What is the quickest quarter mile time for a vintage Plymouth Fury
Executive summary
The quickest quarter‑mile time appearing in the supplied reporting is 11.81 seconds, recorded by a raced 1962 Plymouth Fury Max Wedge according to its current owners and Hot Rod’s reporting [1]; this figure reflects a competition‑ridden, heavily campaigned car rather than a showroom‑stock Fury. For factory or contemporary‑magazine measured stock examples the best published elapsed times cluster in the mid‑teens—roughly 13.6–16.0 seconds—depending on year, engine, and test conditions [2] [3] [4] [5].
1. The headline number: 11.81 seconds — source and context
The standout low‑11 figure comes from Hot Rod’s feature about a 1962 Plymouth Fury equipped with the Max Wedge 413 which, per its current owners and the car’s racing history, “posted quarter‑mile times of 11.81 at 120 mph” during late‑’60s/early‑’70s racing at Firebird Raceway [1]; Hot Rod frames that as a raced, purpose‑built example rather than a stock showroom test car, implying significant race preparation and a competition environment.
2. What magazines and catalogs measured for road/test cars
Contemporary and retrospective magazine tests of roadgoing Furys produce much slower but repeatable figures: Motor Trend and other testers reported standing quarter‑mile runs in the mid‑to‑high teens for factory configurations, while an often‑quoted 1979 Hot Rod write‑up lists a 1964 Sport Fury that ran 13.63@105 mph in magazine testing of a heavily prepared example [2], and Curbside Classic cites a Hemmings 1976 test that recorded 14.21 sec for a 1957 Fury variant [6]. Automobile‑catalog and HowStuffWorks compile factory/estimation numbers of ~15.7–16.0 sec for late‑1950s Golden Commando and high‑output Furies [4] [5].
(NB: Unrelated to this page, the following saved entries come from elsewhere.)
lemma Sdist_sum:
  assumes "finite I" "\<And>i. i \<in> I \<Longrightarrow> E i \<in> Sdist"
  shows "(\<lambda>q. \<Sum>i\<in>I. E i q) \<in> Sdist"
  unfolding Sdist_iff_finite_supp
  by (rule finite_subset[OF fdist_supp_sum]) (use assms in \<open>auto simp: Sdist_iff_finite_supp\<close>)

lemma fdist_pair_sum:
  assumes "finite I" "\<And>i. i \<in> I \<Longrightarrow> E i \<in> Sdist"
  shows "fdist_pair (\<lambda>q. \<Sum>i\<in>I. E i q) H = (\<Sum>i\<in>I. fdist_pair (E i) H)"
proof -
  let ?S = "\<Union>i\<in>I. fdist_supp (E i)"
  have "finite ?S"
    using assms by (auto simp: Sdist_iff_finite_supp)
  then have "fdist_pair (\<lambda>q. \<Sum>i\<in>I. E i q) H = (\<Sum>p\<in>?S. \<Sum>i\<in>I. E i p * H (snd p) (fst p))"
    by (simp add: fdist_pair_superset[OF _ fdist_supp_sum] sum_distrib_right)
  also have "\<dots> = (\<Sum>i\<in>I. fdist_pair (E i) H)"
    using \<open>finite ?S\<close>
    by (subst sum.swap) (auto intro!: sum.cong fdist_pair_superset[symmetric])
  finally show ?thesis .
qed

lemma fdist_pair_add:
  assumes "e1 \<in> Sdist" "e2 \<in> Sdist"
  shows "fdist_pair (\<lambda>q. e1 q + e2 q) H = fdist_pair e1 H + fdist_pair e2 H"
proof -
  let ?S = "fdist_supp e1 \<union> fdist_supp e2"
  have "finite ?S" "fdist_supp (\<lambda>q. e1 q + e2 q) \<subseteq> ?S"
    using assms by (auto simp: Sdist_iff_finite_supp fdist_supp_def)
  then show ?thesis
    by (simp add: fdist_pair_superset[of ?S] distrib_right sum.distrib)
qed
3. Stock vs. modified: why the spread is so wide
The reporting repeatedly shows that axle ratios, tires, ignition/carburation or fuel‑injection, and whether the car was raced or shop‑built change the quarter time dramatically: a factory high‑output Golden Commando Fury is estimated at ~15.7–16.0 sec [4] [5], while Max Wedge and other factory high‑performance packages—when combined with race prep, stronger gearing, and dedicated tires—produce times as low as the low‑12s or even the 11.8s reported for competition cars [3] [1]. Publications also note that later period magazine runs sometimes benefited from upgraded tires and setups not original to the car’s showroom spec [6] [3].
4. Which Fury variants were fastest in period testing
Period and vintage tests single out the Max Wedge and 426/426‑S installations, and late‑’50s Golden Commando fuel‑injected 315‑hp examples, as the quickest factory‑available permutations: Sport Fury models with big‑block 426 variants ran into the mid‑teens in magazine tests [3] [7], while the 1958 Golden Commando and Dual Fury variants are documented or estimated in the ~15.7–16‑second range [4] [8].
5. How to read the sources and their implicit agendas
Performance compilations (Automobile‑catalog, FastestLaps, ZeroTo60 aggregators) often mix factory ratings, magazine tests and owner claims without always clarifying race modifications [4] [9] [10], while magazine features may highlight extreme examples—either because they’re newsworthy or because highly modified cars make more compelling copy [2] [1]. Where possible, the reporting distinguishes magazine measured runs from owner‑claimed racing histories; readers should treat owner recalls of 11.81 as credible for that car’s race life but not as proof that stock Furys commonly ran such times [1] [6].
6. Bottom line answer
Across the supplied reporting, the quickest documented quarter‑mile associated with a vintage Plymouth Fury is 11.81 seconds at 120 mph for a raced 1962 Max Wedge Fury as reported by Hot Rod and the car’s owners [1]; for unmodified or factory‑spec road/test cars the fastest corroborated magazine and catalogue figures lie in the mid‑teens—roughly 13.6–16.0 seconds—depending on year, engine, gearing and test conditions [2] [3] [4] [5].